The chemokine, IL-8 is a major mediator of inflammation. In the current study, all C. concisus isolates induced transcription of IL-8 in epithelial monolayers (> 2-fold) as has been previously reported for C. jejuni  and C. concisus . Campylobacter jejuni induces epithelial IL-8 secretion by at least two independent mechanisms, one of which requires invasion and the other that is CDT-dependent [19, 34]. We observed that induction of IL-8 transcription by C. concisus was not correlated with invasion. Man et al. also recently showed that three C. concisus strains stimulated production of IL-8 in intestinal epithelial irrespective of their invasive ability . Thus in contrast to C. jejuni, it appears that factors other than invasion or CDT (which appears to be lacking in this species) are responsible for the up-regulation of IL-8 incited by C. concisus. The observation that expression of IL-8 mRNA was greater in epithelial cells treated with isolates from AFLP cluster 1 compared to isolates from cluster 2 was unexpected and suggests that these isolates may have pathogenic potential.

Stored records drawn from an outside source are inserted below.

(* Let $\sigma$ be a permutation of length $m$ with exactly one descent and exactly $i$ adjacency pairs. Then the letter $m$ lies on the same side of the descent as the letter $1$ in $\sigma$ if and only if $m-i$ is odd.
   Context: A permutation of length $m$ is an arrangement $\sigma_1\cdots\sigma_m$ of $1,\dots,m$. A descent is an index $d$ with $\sigma_d>\sigma_{d+1}$; if $\sigma$ has exactly one descent at $d$, the positions $1,\dots,d$ are before the descent and $d+1,\dots,m$ after it, and two letters are on the same side of the descent if their positions are both $\le d$ or both $>d$. An adjacency pair is an index $j$ with $\sigma_{j+1}=\sigma_j+1$; the number of adjacency pairs is the number of such indices (so a run of $k$ consecutive increasing values in consecutive positions contributes $k-1$). *)

theory Defs
  imports Main
begin

(* A permutation of length m is a list sigma_1 ... sigma_m (stored 0-based:
   sigma_k = s ! (k-1)) that is an arrangement of 1..m. *)
definition is_perm :: "nat \<Rightarrow> nat list \<Rightarrow> bool" where
  "is_perm m s \<longleftrightarrow> length s = m \<and> distinct s \<and> set s = {1..m}"

definition descents :: "nat list \<Rightarrow> nat set" where
  "descents s = {d. 1 \<le> d \<and> d < length s \<and> s ! (d - 1) > s ! d}"

definition adjacency_pairs :: "nat list \<Rightarrow> nat" where
  "adjacency_pairs s = card {j. 1 \<le> j \<and> j < length s \<and> s ! j = s ! (j - 1) + 1}"

definition pos :: "nat list \<Rightarrow> nat \<Rightarrow> nat" where
  "pos s a = (THE k. 1 \<le> k \<and> k \<le> length s \<and> s ! (k - 1) = a)"

definition same_side :: "nat list \<Rightarrow> nat \<Rightarrow> nat \<Rightarrow> nat \<Rightarrow> bool" where
  "same_side s d a b \<longleftrightarrow> (pos s a \<le> d \<longleftrightarrow> pos s b \<le> d)"

end

theory Submission
  imports Defs
begin

text \<open>Colour each letter k by the side of the descent on which it lies. Within one side the
  letters increase, so k and k+1 lie on the same side exactly when k+1 directly follows k,
  i.e. when they form an adjacency pair. Hence the i adjacency pairs are the agreements between
  consecutive colours among the m-1 pairs (k, k+1), and the colours of 1 and m agree iff the number
  m-1-i of colour changes is even.\<close>

lemma ends_eq_iff_odd_count_agreements:
  fixes S :: "nat \<Rightarrow> bool"
  shows "S 1 = S (Suc n) \<longleftrightarrow> odd (Suc n - card {k\<in>{1..n}. S k = S (Suc k)})"
proof (induction n)
  case 0
  then show ?case by simp
next
  case (Suc n)
  let ?A = "\<lambda>n. {k\<in>{1..n}. S k = S (Suc k)}"
  have A_Suc: "?A (Suc n) = ?A n \<union> (if S (Suc n) = S (Suc (Suc n)) then {Suc n} else {})"
    by (auto simp: le_Suc_eq)
  have "card (?A n) \<le> card {1..n}"
    by (intro card_mono) auto
  then have "card (?A n) \<le> n" by simp
  with Suc A_Suc show ?case
    by (cases "S (Suc n) = S (Suc (Suc n))") (auto simp: Suc_diff_le)
qed

lemma nth_less_nth_of_ascents:
  fixes s :: "nat list"
  assumes "\<And>t. lo \<le> t \<Longrightarrow> Suc t < hi \<Longrightarrow> s ! t < s ! Suc t"
  shows "lo \<le> a \<Longrightarrow> a < b \<Longrightarrow> b < hi \<Longrightarrow> s ! a < s ! b"
proof (induction b)
  case 0
  then show ?case by simp
next
  case (Suc b)
  show ?case
  proof (cases "a = b")
    case True
    then show ?thesis using assms Suc.prems by auto
  next
    case False
    then have "s ! a < s ! b" using Suc by auto
    also have "s ! b < s ! Suc b" using assms Suc.prems False by auto
    finally show ?thesis .
  qed
qed

lemma pos_nth:
  assumes "distinct s" and "p < length s"
  shows "pos s (s ! p) = Suc p"
  unfolding pos_def
proof (rule the_equality)
  fix k assume k: "1 \<le> k \<and> k \<le> length s \<and> s ! (k - 1) = s ! p"
  then have "k - 1 = p" using assms nth_eq_iff_index_eq[of s "k - 1" p] by auto
  with k show "k = Suc p" by auto
qed (use assms in auto)

lemma is_perm_obtain_index:
  assumes "is_perm m s" and "v \<in> {1..m}"
  obtains p where "p < m" and "s ! p = v"
  using assms by (metis in_set_conv_nth is_perm_def)

lemma adjacency_pairs_eq_card_consecutive_pos:
  assumes perm: "is_perm m s"
  shows "adjacency_pairs s = card {k\<in>{1..m-1}. pos s (Suc k) = Suc (pos s k)}"
proof -
  have len: "length s = m" and dist: "distinct s" and letters: "set s = {1..m}"
    using perm by (auto simp: is_perm_def)
  define P where "P = {p. Suc p < m \<and> s ! Suc p = Suc (s ! p)}"
  have "{j. 1 \<le> j \<and> j < length s \<and> s ! j = s ! (j - 1) + 1} = Suc ` P"
    by (auto simp: P_def len image_iff gr0_conv_Suc Suc_le_eq)
  then have "adjacency_pairs s = card P"
    by (simp add: adjacency_pairs_def card_image)
  also have "\<dots> = card (nth s ` P)"
    by (rule card_image[symmetric], rule inj_on_nth) (auto simp: dist len P_def)
  also have "nth s ` P = {k\<in>{1..m-1}. pos s (Suc k) = Suc (pos s k)}"
  proof (intro equalityI subsetI)
    fix k assume "k \<in> nth s ` P"
    then obtain p where p: "Suc p < m" "s ! Suc p = Suc (s ! p)" and k: "k = s ! p"
      by (auto simp: P_def)
    have "s ! p \<in> {1..m}" "s ! Suc p \<in> {1..m}"
      using p(1) len letters nth_mem[of p s] nth_mem[of "Suc p" s] by auto
    then show "k \<in> {k\<in>{1..m-1}. pos s (Suc k) = Suc (pos s k)}"
      using p k pos_nth[OF dist, of p] pos_nth[OF dist, of "Suc p"] len by auto
  next
    fix k assume "k \<in> {k\<in>{1..m-1}. pos s (Suc k) = Suc (pos s k)}"
    then have k: "k \<in> {1..m}" "Suc k \<in> {1..m}" and adj: "pos s (Suc k) = Suc (pos s k)"
      by auto
    obtain p where p: "p < m" "s ! p = k" using is_perm_obtain_index[OF perm k(1)] .
    obtain q where q: "q < m" "s ! q = Suc k" using is_perm_obtain_index[OF perm k(2)] .
    have "q = Suc p" using adj p q pos_nth[OF dist] len by force
    with p q show "k \<in> nth s ` P" by (auto simp: P_def)
  qed
  finally show ?thesis .
qed

locale one_descent_perm =
  fixes m d :: nat and \<sigma> :: "nat list"
  assumes perm: "is_perm m \<sigma>"
    and single_descent: "descents \<sigma> = {d}"
begin

lemma length_eq: "length \<sigma> = m"
  and distinct: "distinct \<sigma>"
  using perm by (auto simp: is_perm_def)

lemma descent_bounds: "1 \<le> d" "d < m"
  and descent: "\<sigma> ! d < \<sigma> ! (d - 1)"
proof -
  have "d \<in> descents \<sigma>" using single_descent by simp
  then show "1 \<le> d" "d < m" "\<sigma> ! d < \<sigma> ! (d - 1)"
    using length_eq by (auto simp: descents_def)
qed

lemma ascent:
  assumes "Suc t < m" "Suc t \<noteq> d"
  shows "\<sigma> ! t < \<sigma> ! Suc t"
proof -
  have "Suc t \<notin> descents \<sigma>" using single_descent assms by simp
  then have "\<sigma> ! t \<le> \<sigma> ! Suc t" using assms length_eq by (auto simp: descents_def)
  moreover have "\<sigma> ! t \<noteq> \<sigma> ! Suc t"
    using distinct assms length_eq nth_eq_iff_index_eq[of \<sigma> t "Suc t"] by simp
  ultimately show ?thesis by simp
qed

lemma nth_less_nth_same_side:
  assumes "a < b" "b < m" "a < d \<longleftrightarrow> b < d"
  shows "\<sigma> ! a < \<sigma> ! b"
proof (cases "b < d")
  case True
  then show ?thesis
    using nth_less_nth_of_ascents[of 0 d \<sigma> a b] ascent descent_bounds assms by auto
next
  case False
  then show ?thesis
    using nth_less_nth_of_ascents[of d m \<sigma> a b] ascent assms by auto
qed

text \<open>A letter strictly between positions p and q on the same side would have a value strictly
  between \<open>\<sigma> ! p\<close> and \<open>\<sigma> ! q = \<sigma> ! p + 1\<close>.\<close>
lemma successor_follows_iff_same_side:
  assumes p: "p < m" and q: "q < m" and succ: "\<sigma> ! q = Suc (\<sigma> ! p)"
  shows "q = Suc p \<longleftrightarrow> (p < d \<longleftrightarrow> q < d)"
proof
  assume "q = Suc p"
  with succ descent show "p < d \<longleftrightarrow> q < d"
    using descent_bounds by (cases "q = d") auto
next
  assume side: "p < d \<longleftrightarrow> q < d"
  have "\<not> q < p"
    using nth_less_nth_same_side[of q p] p side succ by auto
  moreover have "q \<noteq> p" using succ by auto
  ultimately have "p < q" by simp
  moreover have "\<not> Suc p < q"
  proof
    assume "Suc p < q"
    then have "\<sigma> ! p < \<sigma> ! Suc p" "\<sigma> ! Suc p < \<sigma> ! q"
      using nth_less_nth_same_side[of p "Suc p"] nth_less_nth_same_side[of "Suc p" q] side q
      by auto
    with succ show False by simp
  qed
  ultimately show "q = Suc p" by simp
qed

lemma consecutive_pos_iff_same_side:
  assumes "k \<in> {1..m-1}"
  shows "pos \<sigma> (Suc k) = Suc (pos \<sigma> k) \<longleftrightarrow> same_side \<sigma> d k (Suc k)"
proof -
  have letters: "k \<in> {1..m}" "Suc k \<in> {1..m}"
    using assms by auto
  obtain p where p: "p < m" "\<sigma> ! p = k"
    using is_perm_obtain_index[OF perm letters(1)] .
  obtain q where q: "q < m" "\<sigma> ! q = Suc k"
    using is_perm_obtain_index[OF perm letters(2)] .
  have "pos \<sigma> k = Suc p" "pos \<sigma> (Suc k) = Suc q"
    using pos_nth[OF distinct, of p] pos_nth[OF distinct, of q] p q length_eq by simp_all
  then show ?thesis
    using successor_follows_iff_same_side[OF p(1) q(1)] p q by (simp add: same_side_def Suc_le_eq)
qed

lemma adjacency_pairs_eq_card_same_side:
  "adjacency_pairs \<sigma> = card {k\<in>{1..m-1}. same_side \<sigma> d k (Suc k)}"
  unfolding adjacency_pairs_eq_card_consecutive_pos[OF perm]
  using consecutive_pos_iff_same_side by (intro arg_cong[where f = card] Collect_cong) auto

end

theorem mainTheorem11:
  fixes m i d :: nat and \<sigma> :: "nat list"
  assumes "is_perm m \<sigma>"
    and "descents \<sigma> = {d}"
    and "adjacency_pairs \<sigma> = i"
  shows "same_side \<sigma> d m 1 \<longleftrightarrow> odd (m - i)"
proof -
  interpret one_descent_perm m d \<sigma>
    using assms(1,2) by unfold_locales
  define S where "S k \<longleftrightarrow> pos \<sigma> k \<le> d" for k
  have "m = Suc (m - 1)" using descent_bounds by simp
  then have "S 1 = S m \<longleftrightarrow> odd (m - card {k\<in>{1..m-1}. S k = S (Suc k)})"
    using ends_eq_iff_odd_count_agreements[of S "m - 1"] by simp
  moreover have "card {k\<in>{1..m-1}. S k = S (Suc k)} = i"
    using assms(3) adjacency_pairs_eq_card_same_side by (simp add: S_def same_side_def)
  ultimately show ?thesis
    by (auto simp: same_side_def S_def)
qed

end
(* Let $n,p\in\mathbb{N}$, $0\le\lambda\le1$. Let $f$ be analytic in $\mathrm{U}=\{|z|<1\}$ of the form $f(z)=z^p+\sum_{k=p+n}^\infty a_kz^k$, put $\mathcal{F}_\lambda(z)=(1-\lambda)f(z)+\lambda zf'(z)$, and assume $\mathcal{F}_\lambda(z)\mathcal{F}_\lambda'(z)\neq0$ for all $z\in\mathrm{U}\setminus\{0\}$. Let $M\ge 1/p$. If $$\operatorname{Re}\left[\frac{z\mathcal{F}_\lambda'(z)}{\mathcal{F}_\lambda(z)}-1-\frac{z\mathcal{F}_\lambda''(z)}{\mathcal{F}_\lambda'(z)}\right]<\frac{nMp}{Mp+1},\quad z\in\mathrm{U},$$ then $$\left|\frac{\mathcal{F}_\lambda(z)}{z\mathcal{F}_\lambda'(z)}-\frac1p\right|<M,\quad z\in\mathrm{U}.$$ *)

theory Defs
  imports "HOL-Complex_Analysis.Complex_Analysis"
begin

definition Flam :: "real \<Rightarrow> (complex \<Rightarrow> complex) \<Rightarrow> complex \<Rightarrow> complex" where
  "Flam lam f = (\<lambda>z. (1 - of_real lam) * f z + of_real lam * z * deriv f z)"

end

theory Submission
  imports Defs
begin
(* For every fixed $m\ge4$ and $k\ge3$ (with $k<m$) there exists $\vec p\in(0,1)^m$ such that for every sufficiently large $n$, $$\Pr_{P\sim(\pi_{\vec p})^n}\big(|(\mathrm{JR}\subseteq_?\mathrm{CORE})(P)|=0\big)=1-\exp(-\Omega(n))\quad\text{and}\quad\Pr_{P\sim(\pi_{\vec p})^n}\big(|(\mathrm{JR}=_?\mathrm{CORE})(P)|=0\big)=1-\exp(-\Omega(n)).$$
   Context: $\mathcal A=[m]$, $\mathcal A_k$ the $k$-subsets. Approval profile $P=(A_1,\dots,A_n)$, ballots i.i.d. from $\pi_{\vec p}$ with $\Pr(A)=\prod_{i\in A}p_i\prod_{i\notin A}(1-p_i)$. $\mathrm{JR}(P)$ is the set of $W\in\mathcal A_k$ such that for every set of voters $N'\subseteq[n]$ with $|N'|\ge n/k$ and $\bigcap_{j\in N'}A_j\ne\emptyset$ there is $j\in N'$ with $A_j\cap W\ne\emptyset$. $\mathrm{CORE}(P)$ is the set of $W\in\mathcal A_k$ such that for every nonempty $N'\subseteq[n]$ and $W'\subseteq\mathcal A$ with $|W'|/k\le|N'|/n$ some $j\in N'$ has $|A_j\cap W'|\le|A_j\cap W|$. For set-valued mappings: $(f_1\subseteq_?f_2)(P)=f_1(P)$ if $f_1(P)\subseteq f_2(P)$ and $\emptyset$ otherwise; $(f_1=_?f_2)(P)=f_1(P)$ if $f_1(P)=f_2(P)$ and $\emptyset$ otherwise. *)

theory Defs
  imports Complex_Main "HOL-Library.FuncSet"
begin

(* Alternatives are {0..<m}; voters are {0..<n}; a profile is P :: nat => nat set,
   P j = approval ballot of voter j. *)

definition alts :: "nat \<Rightarrow> nat set" where
  "alts m = {0..<m}"

definition committees :: "nat \<Rightarrow> nat \<Rightarrow> nat set set" where
  "committees m k = {W. W \<subseteq> alts m \<and> card W = k}"

definition ballot_prob :: "nat \<Rightarrow> (nat \<Rightarrow> real) \<Rightarrow> nat set \<Rightarrow> real" where
  "ballot_prob m p A = (\<Prod>i\<in>A. p i) * (\<Prod>i\<in>alts m - A. 1 - p i)"

definition profiles :: "nat \<Rightarrow> nat \<Rightarrow> (nat \<Rightarrow> nat set) set" where
  "profiles m n = PiE {0..<n} (\<lambda>_. Pow (alts m))"

definition prof_prob :: "nat \<Rightarrow> (nat \<Rightarrow> real) \<Rightarrow> nat \<Rightarrow> ((nat \<Rightarrow> nat set) \<Rightarrow> bool) \<Rightarrow> real" where
  "prof_prob m p n E = (\<Sum>P\<in>{P\<in>profiles m n. E P}. \<Prod>j<n. ballot_prob m p (P j))"

definition JR :: "nat \<Rightarrow> nat \<Rightarrow> nat \<Rightarrow> (nat \<Rightarrow> nat set) \<Rightarrow> nat set set" where
  "JR m n k P = {W \<in> committees m k.
     \<forall>N' \<subseteq> {0..<n}. real (card N') \<ge> real n / real k \<and> (\<Inter>j\<in>N'. P j) \<noteq> {}
        \<longrightarrow> (\<exists>j\<in>N'. P j \<inter> W \<noteq> {})}"

definition CORE :: "nat \<Rightarrow> nat \<Rightarrow> nat \<Rightarrow> (nat \<Rightarrow> nat set) \<Rightarrow> nat set set" where
  "CORE m n k P = {W \<in> committees m k.
     \<forall>N' \<subseteq> {0..<n}. \<forall>W' \<subseteq> alts m.
        N' \<noteq> {} \<and> real (card W') / real k \<le> real (card N') / real n
        \<longrightarrow> (\<exists>j\<in>N'. card (P j \<inter> W') \<le> card (P j \<inter> W))}"

definition subset_test :: "('p \<Rightarrow> 'a set) \<Rightarrow> ('p \<Rightarrow> 'a set) \<Rightarrow> 'p \<Rightarrow> 'a set" where
  "subset_test f1 f2 P = (if f1 P \<subseteq> f2 P then f1 P else {})"

definition eq_test :: "('p \<Rightarrow> 'a set) \<Rightarrow> ('p \<Rightarrow> 'a set) \<Rightarrow> 'p \<Rightarrow> 'a set" where
  "eq_test f1 f2 P = (if f1 P = f2 P then f1 P else {})"

end

theory Submission
  imports Defs
begin

(* Approve alternatives 0 and 1 with probability 1 - eps and every other alternative with
   probability eps = rare_prob k.  Call a ballot typical if it approves 0 and 1 but none of
   2..k.  While fewer than n/k voters are atypical, the committee {1..k} satisfies JR, since
   every group of n/k voters contains a typical voter, who approves 1.  But it is not in the
   core: the more than 2n/k typical voters deviate to {0, 1}, which gives each of them two
   approved members instead of one.  Hence JR is not contained in CORE and both tests return
   the empty set.  That at least n/k voters are atypical is exponentially unlikely, by
   Markov's inequality for 2^(k * #atypical), whose expectation is at most (3/2)^n. *)

abbreviation profile_weight :: "nat \<Rightarrow> (nat \<Rightarrow> real) \<Rightarrow> nat \<Rightarrow> (nat \<Rightarrow> nat set) \<Rightarrow> real" where
  "profile_weight m p n P \<equiv> \<Prod>j<n. ballot_prob m p (P j)"

lemma sum_profiles_prod:
  fixes h :: "nat set \<Rightarrow> 'a::comm_semiring_1"
  shows "(\<Sum>P\<in>profiles m n. \<Prod>j<n. h (P j)) = (\<Sum>A\<in>Pow (alts m). h A) ^ n"
proof -
  have "(\<Sum>A\<in>Pow (alts m). h A) ^ n = (\<Prod>j\<in>{0..<n}. \<Sum>A\<in>Pow (alts m). h A)"
    by simp
  also have "\<dots> = (\<Sum>P\<in>profiles m n. \<Prod>j\<in>{0..<n}. h (P j))"
    unfolding profiles_def by (rule prod_sum_PiE) (simp_all add: alts_def)
  finally show ?thesis by (simp add: atLeast0LessThan)
qed

lemma sum_ballot_prob_approving_avoiding:
  fixes p :: "nat \<Rightarrow> real"
  assumes "I \<subseteq> alts m" "Q \<subseteq> alts m" "I \<inter> Q = {}"
  shows "(\<Sum>A\<in>Pow (alts m). if I \<subseteq> A \<and> A \<inter> Q = {} then ballot_prob m p A else 0)
           = (\<Prod>i\<in>I. p i) * (\<Prod>i\<in>Q. 1 - p i)"
proof -
  define f where "f i = (if i \<in> Q then 0 else p i)" for i
  define g where "g i = (if i \<in> I then 0 else 1 - p i)" for i
  have fin: "finite (alts m)" by (simp add: alts_def)
  have factor: "(\<Prod>i\<in>A. f i) * (\<Prod>i\<in>alts m - A. g i)
                = (if I \<subseteq> A \<and> A \<inter> Q = {} then ballot_prob m p A else 0)"
    if "A \<subseteq> alts m" for A
  proof (cases "I \<subseteq> A \<and> A \<inter> Q = {}")
    case True
    then have "(\<Prod>i\<in>A. f i) = (\<Prod>i\<in>A. p i)" "(\<Prod>i\<in>alts m - A. g i) = (\<Prod>i\<in>alts m - A. 1 - p i)"
      by (auto simp: f_def g_def intro!: prod.cong)
    with True show ?thesis by (simp add: ballot_prob_def)
  next
    case False
    have "finite A" using that fin finite_subset by blast
    with False that assms(1) have "(\<Prod>i\<in>A. f i) = 0 \<or> (\<Prod>i\<in>alts m - A. g i) = 0"
      using fin by (auto simp: f_def g_def)
    with False show ?thesis by auto
  qed
  have "(\<Prod>i\<in>I. p i) * (\<Prod>i\<in>Q. 1 - p i)
          = (\<Prod>i\<in>alts m. if i \<in> I then p i else 1) * (\<Prod>i\<in>alts m. if i \<in> Q then 1 - p i else 1)"
    using assms fin by (simp add: prod.inter_restrict[symmetric] Int_absorb1)
  also have "\<dots> = (\<Prod>i\<in>alts m. f i + g i)"
    unfolding prod.distrib[symmetric] using assms(3)
    by (intro prod.cong) (auto simp: f_def g_def)
  also have "\<dots> = (\<Sum>A\<in>Pow (alts m). (\<Prod>i\<in>A. f i) * (\<Prod>i\<in>alts m - A. g i))"
    by (rule prod_add[OF fin])
  also have "\<dots> = (\<Sum>A\<in>Pow (alts m). if I \<subseteq> A \<and> A \<inter> Q = {} then ballot_prob m p A else 0)"
    using factor by (intro sum.cong) auto
  finally show ?thesis by simp
qed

We identified genes encoding S-layer RTX and the zonnula occludins toxin in some of the isolates, confirming initial reports of these toxin genes in C. concisus . Surprisingly, the zot gene was more prevalent in isolates from healthy (80%) compared to diarrheic (22%) humans. The clinical significance of this observation remains to be determined. Although Zot has been shown to disrupt epithelial tight junctions, we did not observe any changes in permeability or TER of epithelial monolayers throughout the 3 h incubation period for any of the isolates. This is contrary to the observation of Man et al., that C. concisus caused increased epithelial permeability, decreased TER, and loss of membrane-associated zonnula occludens and occludin in epithelial monolayers . Possible reasons for this discrepancy include variation in methodology between the two studies (i.e., Man et al. inoculated Caco-2 cells with an MOI of 200, and assessed barrier function 6 h-post inoculation.).